Barring some kind of disaster on Thursday, the S&P 500 will enjoy a Golden Cross, where the 50-day average moves above the 200-day average.

This interpretation is kind of a bastardized version of the averages that ostensibly originated in ancient Japan, but Americans, in particular, have an affinity for round numbers, and these two have become the standard.

We've looked at these kinds of technical signals across markets for decades, with the grudging conclusion that they're barely useful. When this triggered in 2019, stocks rallied...then gave it all back, so whether it was successful or not depends on one's time frame.

As streaks go, this was one of the shorter ones. The 50-day average was below the 200-day for only 70 sessions. The worst declines saw this go for 500 days or longer.
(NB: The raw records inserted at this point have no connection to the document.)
(* Let $I=(T,((U_1,S_1),\dots,(U_k,S_k)))$ be an instance of \textsc{Generalized Graphic Inverse Voronoi in Trees} with $S_i\subseteq W_i$ for all $i$, let $xy\in E_1$ with $x\in W_1$ and $y\in U_1\setminus W_1$, and let $0<\varepsilon<\mathrm{res}(I)$. Let $I'$ be the instance obtained from $I$ by expanding the edge $xy$ from $E_1$ by $\varepsilon$. Suppose the answer to $I$ is ``yes''. If $\Sigma'$ is a solution to $I'$, then $\Sigma'$ is also a solution to $I$.
   Context: \textsc{Generalized Graphic Inverse Voronoi in Trees}: input is a tree $T$ with positive edge-lengths $\lambda$ and pairs $(U_1,S_1),\dots,(U_k,S_k)$ of subsets of $V(T)$ with $U_1,\dots,U_k$ covering $V(T)$. A solution is $s_1,\dots,s_k\in V(T)$ with $s_i\in S_i$ and $U_i=\mathrm{cell}_T(s_i,\{s_1,\dots,s_k\})$ for all $i$, where $\mathrm{cell}_T(s,\Sigma)=\{x\in V(T)\mid d_T(s,x)\le d_T(s',x)\ \forall s'\in\Sigma\}$ and $d_T$ is the shortest-path distance. For $i\in[k]$, $W_i=U_i\setminus\bigcup_{j\neq i}U_j$ and $E_i=\{uv\in E(T)\mid u\in W_i,\ v\in U_i\setminus W_i\}$. The resolution is $\mathrm{res}(I)=\min\bigl(\mathbb{R}_{>0}\cap\{d_T(s_i,u)-d_T(s_j,u)\mid u\in U_i\cap U_j,\ s_i\in S_i,\ s_j\in S_j,\ i,j\in[k]\}\bigr)$, with $\min\emptyset=+\infty$. Expansion of $xy\in E_1$ by $\varepsilon$: $T'$ is obtained from $T$ by subdividing $xy$ with a new vertex $y'$, with $\lambda'(xy')=\lambda(xy)$, $\lambda'(yy')=\varepsilon$, other edges unchanged; $U_1'$ is the set of vertices of $U_1$ in the component of $T-y$ containing $x$, together with $y'$; $I'=(T',((U_1',S_1),(U_2,S_2),\dots,(U_k,S_k)))$. *)

theory Defs
  imports Main "HOL-Library.Extended_Real"
begin

definition walk :: "'a set set \<Rightarrow> 'a list \<Rightarrow> bool" where
  "walk E xs \<longleftrightarrow> xs \<noteq> [] \<and> (\<forall>i. Suc i < length xs \<longrightarrow> {xs ! i, xs ! Suc i} \<in> E)"

definition walk_len :: "('a set \<Rightarrow> real) \<Rightarrow> 'a list \<Rightarrow> real" where
  "walk_len lam xs = (\<Sum>i<length xs - 1. lam {xs ! i, xs ! Suc i})"

definition is_cycle :: "'a set set \<Rightarrow> 'a list \<Rightarrow> bool" where
  "is_cycle E xs \<longleftrightarrow> walk E xs \<and> distinct xs \<and> length xs \<ge> 3 \<and> {last xs, hd xs} \<in> E"

definition is_tree :: "'a set \<Rightarrow> 'a set set \<Rightarrow> bool" where
  "is_tree V E \<longleftrightarrow> finite V \<and> V \<noteq> {} \<and>
     (\<forall>e\<in>E. \<exists>u v. e = {u, v} \<and> u \<noteq> v \<and> u \<in> V \<and> v \<in> V) \<and>
     (\<forall>u\<in>V. \<forall>v\<in>V. \<exists>xs. walk E xs \<and> hd xs = u \<and> last xs = v) \<and>
     (\<nexists>xs. is_cycle E xs)"

definition dist_T :: "'a set set \<Rightarrow> ('a set \<Rightarrow> real) \<Rightarrow> 'a \<Rightarrow> 'a \<Rightarrow> real" where
  "dist_T E lam u v = Inf {walk_len lam xs | xs. walk E xs \<and> hd xs = u \<and> last xs = v}"

definition cell :: "'a set \<Rightarrow> 'a set set \<Rightarrow> ('a set \<Rightarrow> real) \<Rightarrow> 'a \<Rightarrow> 'a set \<Rightarrow> 'a set" where
  "cell V E lam s \<Sigma> = {x \<in> V. \<forall>s'\<in>\<Sigma>. dist_T E lam s x \<le> dist_T E lam s' x}"

definition gv_instance :: "'a set \<Rightarrow> 'a set set \<Rightarrow> ('a set \<Rightarrow> real) \<Rightarrow> nat \<Rightarrow>
    (nat \<Rightarrow> 'a set) \<Rightarrow> (nat \<Rightarrow> 'a set) \<Rightarrow> bool" where
  "gv_instance V E lam k U S \<longleftrightarrow> is_tree V E \<and> (\<forall>e\<in>E. lam e > 0) \<and>
     (\<forall>i\<in>{1..k}. U i \<subseteq> V \<and> S i \<subseteq> V) \<and> (\<Union>i\<in>{1..k}. U i) = V"

definition is_solution :: "'a set \<Rightarrow> 'a set set \<Rightarrow> ('a set \<Rightarrow> real) \<Rightarrow> nat \<Rightarrow>
    (nat \<Rightarrow> 'a set) \<Rightarrow> (nat \<Rightarrow> 'a set) \<Rightarrow> (nat \<Rightarrow> 'a) \<Rightarrow> bool" where
  "is_solution V E lam k U S s \<longleftrightarrow>
     (\<forall>i\<in>{1..k}. s i \<in> S i \<and> U i = cell V E lam (s i) (s ` {1..k}))"

definition W_set :: "nat \<Rightarrow> (nat \<Rightarrow> 'a set) \<Rightarrow> nat \<Rightarrow> 'a set" where
  "W_set k U i = U i - (\<Union>j\<in>{1..k} - {i}. U j)"

definition E_set :: "'a set set \<Rightarrow> nat \<Rightarrow> (nat \<Rightarrow> 'a set) \<Rightarrow> nat \<Rightarrow> 'a set set" where
  "E_set E k U i = {{u, v} | u v. {u, v} \<in> E \<and> u \<in> W_set k U i \<and> v \<in> U i - W_set k U i}"

definition res :: "'a set set \<Rightarrow> ('a set \<Rightarrow> real) \<Rightarrow> nat \<Rightarrow>
    (nat \<Rightarrow> 'a set) \<Rightarrow> (nat \<Rightarrow> 'a set) \<Rightarrow> ereal" where
  "res E lam k U S =
    (let D = {r. r > 0 \<and> (\<exists>i\<in>{1..k}. \<exists>j\<in>{1..k}. \<exists>u\<in>U i \<inter> U j. \<exists>si\<in>S i. \<exists>sj\<in>S j.
                   r = dist_T E lam si u - dist_T E lam sj u)}
     in if D = {} then \<infinity> else ereal (Min D))"

definition comp_without :: "'a set set \<Rightarrow> 'a \<Rightarrow> 'a \<Rightarrow> 'a set" where
  "comp_without E y x = {v. \<exists>xs. walk E xs \<and> hd xs = x \<and> last xs = v \<and> y \<notin> set xs}"

definition exp_V :: "'a set \<Rightarrow> 'a \<Rightarrow> 'a set" where
  "exp_V V y' = insert y' V"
If we further stipulate that both moving averages must be rising, then the table below shows every signal since 1928 when the 50-day was below the 200-day for anywhere between 30 and 90 days.

Future returns were okay. Median returns were about in line with random, and while reward was higher than risk, it wasn't positively skewed enough to consider it a big edge.

This one might be notable for another reason - it reversed what had been a very negative spread between the two averages. The S&P's 50-day average had dropped more than 9% below the 200-day average before reversing.

Shorter-term returns were sketchy, but from three months and beyond, mostly positive. This has been particularly positive since 1950, with extremely small risk relative to reward.

We wouldn't put a lot of faith in the Golden Cross by itself. The biggest reason for optimism is that it has reversed what had been a very negative medium- vs long-term trend, and that has led to big gains over the next 6-12 months every time over the past 70 years. During modern times, these signals marked the end of every major bear market. 

EDIT: The following thumbnail chart was added after this post was originally published.

At the same time that the S&P's trend is turning positive, the U.S. dollar's is turning negative. The 50-day average just crossed below the 200-day average.

When this happened for the first time in at least 90 days, the buck had trouble regaining a positive trend.

That was especially true if both moving averages were declining at the time of the cross, as they are now.

These signals preceded some short-term heartburn for the S&P 500, but not much beyond the first couple of months.

Surprisingly, gold didn't benefit that much from further declines in the dollar in the months ahead.

We'd take this potential trend change more as a bad sign for the dollar than as a good (or bad) sign for stocks or gold.